## Extracted information

text \<open>At \<open>|z| = 1\<close> the kernel is the integrand of \<open>f(1\<^sup>-, \<theta>)\<close>, possibly \<open>\<infinity>\<close>.\<close>

definition kernel :: "complex \<Rightarrow> complex \<Rightarrow> ennreal" where
  "kernel z w = ennreal (radial_factor (cmod z)) * inverse (ennreal ((cmod (1 - z * cnj w))^2))"

definition f_at :: "complex \<Rightarrow> ennreal" where
  "f_at z = (\<integral>\<^sup>+ w. kernel z w \<partial>\<mu>)"

lemma kernel_measurable [measurable]: "kernel z \<in> borel_measurable \<mu>"
proof -
  have "(\<lambda>w. (cmod (1 - z * cnj w))^2) \<in> borel_measurable borel"
    by (intro borel_measurable_continuous_onI continuous_intros)
  from borel_measurable_of_borel[OF this] show ?thesis unfolding kernel_def[abs_def] by measurable
qed

lemma kernel_off_circle:
  assumes "cmod w = 1" "cmod z \<noteq> 1" "z \<noteq> 0"
  shows "kernel z w = ennreal (radial_factor (cmod z) / (cmod (1 - z * cnj w))^2)"
proof -
  have "cmod (1 - z * cnj w) > 0"
    using abs_norm_minus_one_le[OF assms(1), of z] assms(2) by linarith
  then have d: "(cmod (1 - z * cnj w))^2 > 0" by simp
  have "kernel z w = ennreal (radial_factor (cmod z)) * ennreal (inverse ((cmod (1 - z * cnj w))^2))"
    unfolding kernel_def using d by (simp add: inverse_ennreal)
  also have "\<dots> = ennreal (radial_factor (cmod z) * inverse ((cmod (1 - z * cnj w))^2))"
    using radial_factor_pos[of "cmod z"] assms(3) d by (simp add: ennreal_mult[symmetric])
  finally show ?thesis by (simp add: divide_inverse)
qed

lemma kernel_pos: "cmod w = 1 \<Longrightarrow> z \<noteq> 0 \<Longrightarrow> kernel z w > 0"
  using radial_factor_pos[of "cmod z"]
  by (simp add: kernel_def ennreal_zero_less_mult_iff ennreal_inverse_positive)

lemma kernel_ray:
  assumes w: "cmod w = 1" and r: "\<rho> > 0" "\<rho> \<noteq> 1"
  shows "kernel (ray \<theta> \<rho>) w = ennreal (radial_kernel (Re (exp (\<i> * of_real \<theta>) * cnj w)) \<rho>)"
proof -
  define v where "v = exp (\<i> * of_real \<theta>) * cnj w"
  have v: "cmod v = 1" using w by (simp add: v_def norm_mult)
  have "ray \<theta> \<rho> * cnj w = of_real \<rho> * v" by (simp add: ray_def v_def mult.assoc)
  then have "kernel (ray \<theta> \<rho>) w = ennreal (radial_factor \<rho> / (1 - 2*\<rho>*Re v + \<rho>^2))"
    using kernel_off_circle[OF w, of "ray \<theta> \<rho>"] norm_ray[of \<rho> \<theta>] r
    by (simp add: norm_one_minus_of_real_mult_sq[OF v])
  also have "radial_factor \<rho> / (1 - 2*\<rho>*Re v + \<rho>^2) = radial_kernel (Re v) \<rho>"
    using r by (simp add: radial_factor_def radial_kernel_def mult_ac)
  finally show ?thesis by (simp add: v_def)
qed

lemma kernel_tendsto:
  assumes z: "(z \<longlongrightarrow> z0) F" and z0: "z0 \<noteq> 0"
  shows "((\<lambda>x. kernel (z x) w) \<longlongrightarrow> kernel z0 w) F"
  unfolding kernel_def
proof (rule tendsto_mult_ennreal)
  have "((\<lambda>x. radial_factor (cmod (z x))) \<longlongrightarrow> radial_factor (cmod z0)) F"
    by (rule isCont_tendsto_compose[OF isCont_radial_factor]) (use z0 z in \<open>auto intro: tendsto_intros\<close>)
  then show "((\<lambda>x. ennreal (radial_factor (cmod (z x)))) \<longlongrightarrow> ennreal (radial_factor (cmod z0))) F"
    by (rule tendsto_ennrealI)
  show "((\<lambda>x. inverse (ennreal ((cmod (1 - z x * cnj w))^2)))
      \<longlongrightarrow> inverse (ennreal ((cmod (1 - z0 * cnj w))^2))) F"
    using z by (intro tendsto_inverse_ennreal tendsto_ennrealI tendsto_intros)
qed (use radial_factor_pos[of "cmod z0"] z0 in auto)
(* For every integer $\ell\ge 3$, every graph $G$ with no induced cycle of length at least $\ell$ satisfies $\mathrm{cop}(G)\le \ell-2$.
   Context: All graphs are finite, undirected, without loops or multiple edges. Cops and Robber game on a connected graph: for an integer $k\ge 1$, the cop player places $k$ cops on (not necessarily distinct) vertices, then the robber is placed on a vertex; then, starting with the cops, the players alternate moves. In a cop move, each cop either stays or moves to an adjacent vertex; in a robber move, the robber stays or moves to an adjacent vertex. The cops win if at some point a cop and the robber occupy the same vertex. Both players have complete information. The cop number $\mathrm{cop}(G)$ of a connected graph $G$ is the smallest $k$ such that the cops have a winning strategy with $k$ cops; for a non-connected graph it is the maximum cop number of its connected components. *)

theory Defs
  imports Main
begin

definition graph :: "'a set \<Rightarrow> ('a \<Rightarrow> 'a \<Rightarrow> bool) \<Rightarrow> bool" where
  "graph V E \<longleftrightarrow> finite V \<and> (\<forall>x y. E x y \<longrightarrow> E y x) \<and> (\<forall>x. \<not> E x x)
     \<and> (\<forall>x y. E x y \<longrightarrow> x \<in> V \<and> y \<in> V)"

definition induced_cycle :: "'a set \<Rightarrow> ('a \<Rightarrow> 'a \<Rightarrow> bool) \<Rightarrow> 'a list \<Rightarrow> bool" where
  "induced_cycle V E vs \<longleftrightarrow> length vs \<ge> 3 \<and> distinct vs \<and> set vs \<subseteq> V \<and>
     (\<forall>i < length vs. \<forall>j < length vs.
        E (vs ! i) (vs ! j) \<longleftrightarrow> (j = Suc i mod length vs \<or> i = Suc j mod length vs))"

definition reach :: "'a set \<Rightarrow> ('a \<Rightarrow> 'a \<Rightarrow> bool) \<Rightarrow> 'a \<Rightarrow> 'a \<Rightarrow> bool" where
  "reach V E = (\<lambda>x y. E x y \<and> x \<in> V \<and> y \<in> V)\<^sup>*\<^sup>*"

definition components :: "'a set \<Rightarrow> ('a \<Rightarrow> 'a \<Rightarrow> bool) \<Rightarrow> 'a set set" where
  "components V E = {{u. reach V E v u} | v. v \<in> V}"

definition connected_graph :: "'a set \<Rightarrow> ('a \<Rightarrow> 'a \<Rightarrow> bool) \<Rightarrow> bool" where
  "connected_graph V E \<longleftrightarrow> V \<noteq> {} \<and> (\<forall>u\<in>V. \<forall>v\<in>V. reach V E u v)"

text \<open>A cop strategy s maps the history of the game (list of (cop positions, robber position)
  states so far) to the next cop positions; s [] is the initial placement.
  Timeline: C 0 = s [], then the robber places itself at R 0; in round t+1 the cops move
  to C (t+1) = s (history up to t), then the robber moves to R (t+1).\<close>

definition cop_step :: "('a \<Rightarrow> 'a \<Rightarrow> bool) \<Rightarrow> 'a list \<Rightarrow> 'a list \<Rightarrow> bool" where
  "cop_step E c c' \<longleftrightarrow> length c' = length c \<and>
     (\<forall>i < length c. c' ! i = c ! i \<or> E (c ! i) (c' ! i))"

definition robber_walk :: "'a set \<Rightarrow> ('a \<Rightarrow> 'a \<Rightarrow> bool) \<Rightarrow> (nat \<Rightarrow> 'a) \<Rightarrow> bool" where
  "robber_walk V E R \<longleftrightarrow> R 0 \<in> V \<and> (\<forall>t. R (Suc t) = R t \<or> E (R t) (R (Suc t)))"

primrec history :: "(('a list \<times> 'a) list \<Rightarrow> 'a list) \<Rightarrow> (nat \<Rightarrow> 'a) \<Rightarrow> nat \<Rightarrow> ('a list \<times> 'a) list" where
  "history s R 0 = [(s [], R 0)]"
| "history s R (Suc t) = history s R t @ [(s (history s R t), R (Suc t))]"

definition cop_pos :: "(('a list \<times> 'a) list \<Rightarrow> 'a list) \<Rightarrow> (nat \<Rightarrow> 'a) \<Rightarrow> nat \<Rightarrow> 'a list" where
  "cop_pos s R t = fst (last (history s R t))"

definition winning_cop_strategy ::
  "'a set \<Rightarrow> ('a \<Rightarrow> 'a \<Rightarrow> bool) \<Rightarrow> nat \<Rightarrow> (('a list \<times> 'a) list \<Rightarrow> 'a list) \<Rightarrow> bool" where
  "winning_cop_strategy V E k s \<longleftrightarrow> length (s []) = k \<and> set (s []) \<subseteq> V \<and>
     (\<forall>R. robber_walk V E R \<longrightarrow>
        (\<forall>t. cop_step E (cop_pos s R t) (cop_pos s R (Suc t))) \<and>
        (\<exists>t. \<exists>i < k. cop_pos s R t ! i = R t \<or> cop_pos s R (Suc t) ! i = R t))"

definition cops_win :: "'a set \<Rightarrow> ('a \<Rightarrow> 'a \<Rightarrow> bool) \<Rightarrow> nat \<Rightarrow> bool" where
  "cops_win V E k \<longleftrightarrow> (\<exists>s. winning_cop_strategy V E k s)"

definition cop_number_conn :: "'a set \<Rightarrow> ('a \<Rightarrow> 'a \<Rightarrow> bool) \<Rightarrow> nat" where
  "cop_number_conn V E = (LEAST k. k \<ge> 1 \<and> cops_win V E k)"

definition cop_number :: "'a set \<Rightarrow> ('a \<Rightarrow> 'a \<Rightarrow> bool) \<Rightarrow> nat" where
  "cop_number V E = (if V = {} then 0 else
     Max ((\<lambda>C. cop_number_conn C (\<lambda>x y. E x y \<and> x \<in> C \<and> y \<in> C)) ` components V E))"

end

(*
  The k = l - 2 cops occupy every vertex of an induced path P while the robber lives in a
  component C of G - N[P]; he is caught as soon as he enters N[P]. An end of P without a private
  neighbour on the boundary of C is abandoned; otherwise duplicate cops (sharing a vertex) walk to
  the last vertex of P, and from there one of them extends P by a private neighbour of that end.
  Each round shrinks C, or keeps C and shortens P, or keeps both and moves a duplicate cop forward,
  so the robber is eventually caught. Without duplicate cops |P| <= k, and the private neighbours
  of the two ends of P must coincide, since distinct ones would be joined through C to an induced
  cycle of length at least |P| + 2. So then P is a single vertex whose boundary towards C is a
  single vertex v, and the cop steps onto v.
*)

theory Submission
  imports Defs
begin
lemma num_singles_eq_count_word:
  assumes "v \<in> B_Lambda n"
  shows "num_singles v = count_list (word n (set v)) Single"
proof -
  have "distinct v" "set v \<subseteq> S_C n"
    using assms distinct_if_sorted_wrt_key[of "rk n" v] by (auto simp: B_Lambda_iff)
  then have "num_singles v = card (singles (set v))"
    unfolding num_singles_def singles_def
    by (subst card_image[OF inj_on_nth, symmetric]) (auto simp: in_set_conv_nth intro!: arg_cong[where f = card])
  also have "singles (set v) = {x \<in> singles (set v). \<bar>x\<bar> \<le> int n}"
    using \<open>set v \<subseteq> S_C n\<close> by (auto simp: singles_def mem_S_C_iff)
  finally show ?thesis
    by (simp add: card_singles_eq_count_word)
qed

theorem mainTheorem1:
  fixes n m :: nat and \<mu> :: "nat \<Rightarrow> int"
  assumes "n \<ge> 2"
    and "\<exists>v \<in> B_Lambda n. wt v = \<mu>"
    and "m < n"
    and "\<forall>v \<in> B_Lambda n. wt v = \<mu> \<longrightarrow> num_singles v = m"
  shows "\<exists>k. n - m = 2 * k \<and> real (wdim n \<mu>) = 1 / real (k + 1) * real ((2 * k) choose k)"
proof -
  obtain v where v: "v \<in> B_Lambda n" "wt v = \<mu>"
    using assms(2) by blast
  then have X: "set v \<in> crystal_sets n \<mu>"
    using set_mem_crystal_sets by blast
  define k where "k = count_list (word n (set v)) Paired"
  let ?s = "single_mask n \<mu>"
  have m: "m = count_list ?s True"
    using assms(4) v num_singles_eq_count_word count_word_crystal_set(1)[OF X] by simp
  have n: "n = 2 * k + m"
    using count_word_crystal_set(1,2)[OF X] m by (simp add: k_def)
  have "length ?s = 2 * k + count_list ?s True"
    using n m length_single_mask[of n \<mu>] by linarith
  then have "wdim n \<mu> * (k + 1) = (2 * k) choose k"
    using wdim_eq_card_crystal_sets card_crystal_sets[OF X] card_ballot_words_diag[of ?s k]
    by (simp add: k_def)
  then have "real (wdim n \<mu>) * real (k + 1) = real ((2 * k) choose k)"
    by (metis of_nat_mult)
  then show ?thesis
    using n by (intro exI[of _ k]) (simp add: field_simps)
qed

end
(* Let $f:\mathbb{R}\to\mathbb{R}$ be twice continuously differentiable and let $u_L<u_U$ be such that $f$ is strictly convex or strictly concave on $[u_L,u_U]$, i.e. either $f''>0$ on $(u_L,u_U)$ or $f''<0$ on $(u_L,u_U)$. For $u_1\neq u_2$ in $[u_L,u_U]$ let $a(u_1,u_2)$ be the nonlinear average defined below. Then for all $u_1,u_2\in[u_L,u_U]$: (1) $a(u_1,u_2)$ is the same whether computed with $f$ or with $-f$; (2) $a$ is symmetric: $a(u_1,u_2)=a(u_2,u_1)$; (3) $a$ is an average: for $u_1\neq u_2$, $a(u_1,u_2)$ lies strictly between $u_1$ and $u_2$; (4) $a$ is strictly increasing in each of its two arguments; (5) $a$ is continuous at the diagonal, with $a(u_1,u_1)=u_1$, i.e. $a(v_1,v_2)\to u_1$ as $(v_1,v_2)\to(u_1,u_1)$ with $v_1\neq v_2$ in $[u_L,u_U]$.
   Context: For $g:\mathbb{R}\to\mathbb{R}$ write $[g(u)]_{a}^{b}=g(b)-g(a)$. For $u_1\neq u_2$ (with $f'(u_1)\neq f'(u_2)$, which holds under the convexity/concavity hypothesis) the nonlinear average is $$a(u_1,u_2)=\frac{[f'(u)u-f(u)]_{u_1}^{u_2}}{[f'(u)]_{u_1}^{u_2}}=\frac{\int_{u_1}^{u_2}f''(u)\,u\,\mathrm{d}u}{\int_{u_1}^{u_2}f''(u)\,\mathrm{d}u},$$ and on the diagonal one sets $a(u,u)=u$. The function $f$ is the flux of the scalar conservation law $u_t+(f(u))_x=0$. *)

theory Defs
  imports "HOL-Analysis.Analysis"
begin

definition nl_avg :: "(real \<Rightarrow> real) \<Rightarrow> real \<Rightarrow> real \<Rightarrow> real" where
  "nl_avg f u1 u2 =
     (if u1 = u2 then u1
      else ((deriv f u2 * u2 - f u2) - (deriv f u1 * u1 - f u1)) / (deriv f u2 - deriv f u1))"

end

theory Submission imports Defs begin

text \<open>With h(u) = f'(u) u - f(u) we have h' = f'' u, so for u1 < u2 Cauchy's mean value
  theorem applied to h and f' shows that a(u1, u2) is a point strictly between u1 and u2
  wherever f'' > 0. Cutting [x, z] at an interior point y writes a(x, z) as a mean of
  a(x, y) and a(y, z) with the positive weights f'(y) - f'(x) and f'(z) - f'(y); hence
  a(x, z) lies strictly between them, and strict monotonicity in each argument follows by
  comparing with the diagonal. Replacing f by -f does not change a, which reduces the
  concave case to the convex one; continuity at the diagonal is squeezing between
  min and max.\<close>

lemma nl_avg_diag [simp]: "nl_avg f u u = u"
  by (simp add: nl_avg_def)

lemma nl_avg_commute: "nl_avg f x y = nl_avg f y x"
proof -
  have "(a - b) / (c - d) = (b - a) / (d - c)" for a b c d :: real
    by (metis minus_diff_eq minus_divide_divide)
  then show ?thesis
    unfolding nl_avg_def by auto
qed

lemma nl_avg_uminus:
  assumes "\<And>x. (f has_real_derivative f' x) (at x)"
  shows "nl_avg (\<lambda>u. - f u) = nl_avg f"
proof (intro ext)
  fix x y
  have "deriv f = f'" and "deriv (\<lambda>u. - f u) = (\<lambda>u. - f' u)"
    using assms DERIV_minus[OF assms] DERIV_imp_deriv by blast+
  moreover have "(a - b) / (c - d) = (- a + b) / (- c + d)" for a b c d :: real
    by (metis minus_diff_eq minus_divide_divide uminus_add_conv_diff)
  ultimately show "nl_avg (\<lambda>u. - f u) x y = nl_avg f x y"
    unfolding nl_avg_def by (auto simp: algebra_simps)
qed

lemma nl_avg_split:
  assumes "x \<noteq> y" "y \<noteq> z" "x \<noteq> z" "deriv f x \<noteq> deriv f y" "deriv f y \<noteq> deriv f z"
  shows "nl_avg f x z
    = (nl_avg f x y * (deriv f y - deriv f x) + nl_avg f y z * (deriv f z - deriv f y))
        / (deriv f z - deriv f x)"
  using assms by (simp add: nl_avg_def)

lemma weighted_mean_strictly_between:
  fixes p q w1 w2 :: real
  assumes "w1 > 0" "w2 > 0" "p < q"
  shows "p < (p * w1 + q * w2) / (w1 + w2) \<and> (p * w1 + q * w2) / (w1 + w2) < q"
proof -
  have "p * w2 < q * w2" "p * w1 < q * w1"
    using assms by auto
  then show ?thesis
    using assms by (simp add: field_simps)
qed

lemma strict_mono_on_symmetric_mean:
  fixes A :: "real \<Rightarrow> real \<Rightarrow> real"
  assumes mean: "\<And>x y. x \<in> I \<Longrightarrow> y \<in> I \<Longrightarrow> x < y \<Longrightarrow> x < A x y \<and> A x y < y"
    and commute: "\<And>x y. A x y = A y x"
    and diag: "\<And>x. A x x = x"
    and split: "\<And>x y z. x \<in> I \<Longrightarrow> y \<in> I \<Longrightarrow> z \<in> I \<Longrightarrow> x < y \<Longrightarrow> y < z
                  \<Longrightarrow> A x y < A x z \<and> A x z < A y z"
    and v: "v \<in> I"
  shows "strict_mono_on I (\<lambda>u. A u v)"
proof (rule strict_mono_onI)
  fix x y assume x: "x \<in> I" and y: "y \<in> I" and xy: "x < y"
  consider "y < v" | "y = v" | "x < v" "v < y" | "x = v" | "v < x"
    by linarith
  then show "A x v < A y v"
  proof cases
    case 1
    then show ?thesis using split[OF x y v xy 1] by simp
  next
    case 2
    then show ?thesis using mean[OF x y xy] diag by simp
  next
    case 3
    then show ?thesis using mean[OF x v] mean[OF v y] commute[of y v] by force
  next
    case 4
    then show ?thesis using mean[OF x y xy] diag commute[of y v] by simp
  next
    case 5
    then show ?thesis using split[OF v x y 5 xy] commute by metis
  qed
qed

lemma tendsto_mean_at_diagonal:
  fixes A :: "real \<Rightarrow> real \<Rightarrow> real"
  assumes "\<And>x y. (x, y) \<in> S \<Longrightarrow> min x y \<le> A x y \<and> A x y \<le> max x y"
  shows "((\<lambda>p. A (fst p) (snd p)) \<longlongrightarrow> u) (at (u, u) within S)"
proof (rule tendsto_sandwich)
  show "\<forall>\<^sub>F p in at (u, u) within S. min (fst p) (snd p) \<le> A (fst p) (snd p)"
    and "\<forall>\<^sub>F p in at (u, u) within S. A (fst p) (snd p) \<le> max (fst p) (snd p)"
    using assms by (auto simp: eventually_at_filter intro!: always_eventually)
  have "(fst \<longlongrightarrow> u) (at (u, u) within S)" "(snd \<longlongrightarrow> u) (at (u, u) within S)"
    by (auto intro!: tendsto_eq_intros)
  then show "((\<lambda>p. min (fst p) (snd p)) \<longlongrightarrow> u) (at (u, u) within S)"
    and "((\<lambda>p. max (fst p) (snd p)) \<longlongrightarrow> u) (at (u, u) within S)"
    using tendsto_min tendsto_max by fastforce+
qed

context
  fixes f f' f'' :: "real \<Rightarrow> real" and L U :: real
  assumes d1: "\<And>x. (f has_real_derivative f' x) (at x)"
    and d2: "\<And>x. (f' has_real_derivative f'' x) (at x)"
    and convex: "\<forall>x\<in>{L<..<U}. f'' x > 0"
begin

lemma deriv_strictly_increasing:
  assumes "x \<in> {L..U}" "y \<in> {L..U}" "x < y"
  shows "f' x < f' y"
proof -
  obtain c where c: "x < c" "c < y" "f' y - f' x = (y - x) * f'' c"
    using MVT2[OF \<open>x < y\<close> d2] by blast
  moreover have "f'' c > 0"
    using convex assms c by auto
  ultimately show ?thesis
    using \<open>x < y\<close> by (metis diff_gt_0_iff_gt mult_pos_pos)
qed

lemma nl_avg_strictly_between:
  assumes "x \<in> {L..U}" "y \<in> {L..U}" "x < y"
  shows "x < nl_avg f x y \<and> nl_avg f x y < y"
proof -
  define h where "h u = f' u * u - f u" for u
  have dh: "(h has_real_derivative f'' u * u) (at u)" for u
  proof -
    have "(h has_real_derivative f'' u * u + 1 * f' u - f' u) (at u)"
      unfolding h_def[abs_def] by (intro DERIV_diff DERIV_mult d1 d2 DERIV_ident)
    then show ?thesis by simp
  qed
  obtain c where c: "x < c" "c < y" "(h y - h x) * f'' c = (f' y - f' x) * (f'' c * c)"
    using GMVT'[OF \<open>x < y\<close>, of h f' f'' "\<lambda>z. f'' z * z"] DERIV_isCont[OF dh]
      DERIV_isCont[OF d2] d2 dh by blast
  have "f'' c > 0"
    using convex c assms by auto
  with c(3) have "h y - h x = (f' y - f' x) * c"
    by (metis mult.commute mult.left_commute mult_cancel_left less_irrefl)
  moreover have "deriv f = f'"
    using d1 DERIV_imp_deriv by blast
  ultimately have "nl_avg f x y = c"
    using deriv_strictly_increasing[OF assms] \<open>x < y\<close> by (simp add: nl_avg_def h_def)
  then show ?thesis
    using c by simp
qed

lemma nl_avg_split_strictly_between:
  assumes "x \<in> {L..U}" "y \<in> {L..U}" "z \<in> {L..U}" "x < y" "y < z"
  shows "nl_avg f x y < nl_avg f x z \<and> nl_avg f x z < nl_avg f y z"
proof -
  have df: "deriv f = f'"
    using d1 DERIV_imp_deriv by blast
  have w1: "f' y - f' x > 0" and w2: "f' z - f' y > 0"
    using deriv_strictly_increasing assms by auto
  have "nl_avg f x z = (nl_avg f x y * (f' y - f' x) + nl_avg f y z * (f' z - f' y))
                        / ((f' y - f' x) + (f' z - f' y))"
    using nl_avg_split[of x y z f] assms w1 w2 by (simp add: df)
  moreover have "nl_avg f x y < nl_avg f y z"
    using nl_avg_strictly_between assms by (meson less_trans)
  ultimately show ?thesis
    using weighted_mean_strictly_between[OF w1 w2] by simp
qed

end

theorem lemma1:
  fixes f f' f'' :: "real \<Rightarrow> real" and uL uU :: real
  assumes d1: "\<And>x. (f has_real_derivative f' x) (at x)"
    and d2: "\<And>x. (f' has_real_derivative f'' x) (at x)"
    and c2: "continuous_on UNIV f''"
    and lu: "uL < uU"
    and cvx: "(\<forall>x\<in>{uL<..<uU}. f'' x > 0) \<or> (\<forall>x\<in>{uL<..<uU}. f'' x < 0)"
  shows "(\<forall>u1\<in>{uL..uU}. \<forall>u2\<in>{uL..uU}. nl_avg (\<lambda>u. - f u) u1 u2 = nl_avg f u1 u2)
    \<and> (\<forall>u1\<in>{uL..uU}. \<forall>u2\<in>{uL..uU}. nl_avg f u1 u2 = nl_avg f u2 u1)
    \<and> (\<forall>u1\<in>{uL..uU}. \<forall>u2\<in>{uL..uU}. u1 \<noteq> u2 \<longrightarrow>
           min u1 u2 < nl_avg f u1 u2 \<and> nl_avg f u1 u2 < max u1 u2)
    \<and> (\<forall>v\<in>{uL..uU}. strict_mono_on {uL..uU} (\<lambda>u. nl_avg f u v)
                        \<and> strict_mono_on {uL..uU} (\<lambda>u. nl_avg f v u))
    \<and> (\<forall>u1\<in>{uL..uU}. nl_avg f u1 u1 = u1 \<and>
           ((\<lambda>p. nl_avg f (fst p) (snd p)) \<longlongrightarrow> u1)
             (at (u1, u1) within {p. fst p \<in> {uL..uU} \<and> snd p \<in> {uL..uU} \<and> fst p \<noteq> snd p}))"
proof -
  have neg: "nl_avg (\<lambda>u. - f u) = nl_avg f"
    using nl_avg_uminus[OF d1] .
  obtain g g' g'' where g: "\<And>x. (g has_real_derivative g' x) (at x)"
      "\<And>x. (g' has_real_derivative g'' x) (at x)" "\<forall>x\<in>{uL<..<uU}. g'' x > 0"
    and g_avg: "nl_avg g = nl_avg f"
  proof (cases "\<forall>x\<in>{uL<..<uU}. f'' x > 0")
    case True
    then show ?thesis using that d1 d2 by blast
  next
    case False
    then have "\<forall>x\<in>{uL<..<uU}. - f'' x > 0"
      using cvx by auto
    then show ?thesis
      using that[OF DERIV_minus[OF d1] DERIV_minus[OF d2]] neg by blast
  qed
  note mean = nl_avg_strictly_between[OF g, unfolded g_avg]
  note split = nl_avg_split_strictly_between[OF g, unfolded g_avg]
  have mean_minmax: "min x y < nl_avg f x y \<and> nl_avg f x y < max x y"
    if "x \<in> {uL..uU}" "y \<in> {uL..uU}" "x \<noteq> y" for x y
    using that mean[of x y] mean[of y x] nl_avg_commute[of f x y]
    by (cases "x < y") auto
  have mono: "strict_mono_on {uL..uU} (\<lambda>u. nl_avg f u v)" if "v \<in> {uL..uU}" for v
    using strict_mono_on_symmetric_mean[OF mean nl_avg_commute nl_avg_diag split that] by blast
  have mono': "strict_mono_on {uL..uU} (\<lambda>u. nl_avg f v u)" if "v \<in> {uL..uU}" for v
    using mono[OF that] by (simp add: nl_avg_commute[of f v])
  have lim: "((\<lambda>p. nl_avg f (fst p) (snd p)) \<longlongrightarrow> u)
      (at (u, u) within {p. fst p \<in> {uL..uU} \<and> snd p \<in> {uL..uU} \<and> fst p \<noteq> snd p})" for u
    by (rule tendsto_mean_at_diagonal) (use mean_minmax in \<open>force simp: less_imp_le\<close>)
  show ?thesis
    using neg nl_avg_commute[of f] mean_minmax mono mono' lim by simp
qed

end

## Task to complete
For this task, write out exactly the lines of the entries above, starting at the line with "nat \<Rightarrow> ('a" and ending at the line with "[]) \<subseteq> V \<and>", both included, and no others.

## Answer to the exercise
primrec history :: "(('a list \<times> 'a) list \<Rightarrow> 'a list) \<Rightarrow> (nat \<Rightarrow> 'a) \<Rightarrow> nat \<Rightarrow> ('a list \<times> 'a) list" where
  "history s R 0 = [(s [], R 0)]"
| "history s R (Suc t) = history s R t @ [(s (history s R t), R (Suc t))]"

definition cop_pos :: "(('a list \<times> 'a) list \<Rightarrow> 'a list) \<Rightarrow> (nat \<Rightarrow> 'a) \<Rightarrow> nat \<Rightarrow> 'a list" where
  "cop_pos s R t = fst (last (history s R t))"

definition winning_cop_strategy ::
  "'a set \<Rightarrow> ('a \<Rightarrow> 'a \<Rightarrow> bool) \<Rightarrow> nat \<Rightarrow> (('a list \<times> 'a) list \<Rightarrow> 'a list) \<Rightarrow> bool" where
  "winning_cop_strategy V E k s \<longleftrightarrow> length (s []) = k \<and> set (s []) \<subseteq> V \<and>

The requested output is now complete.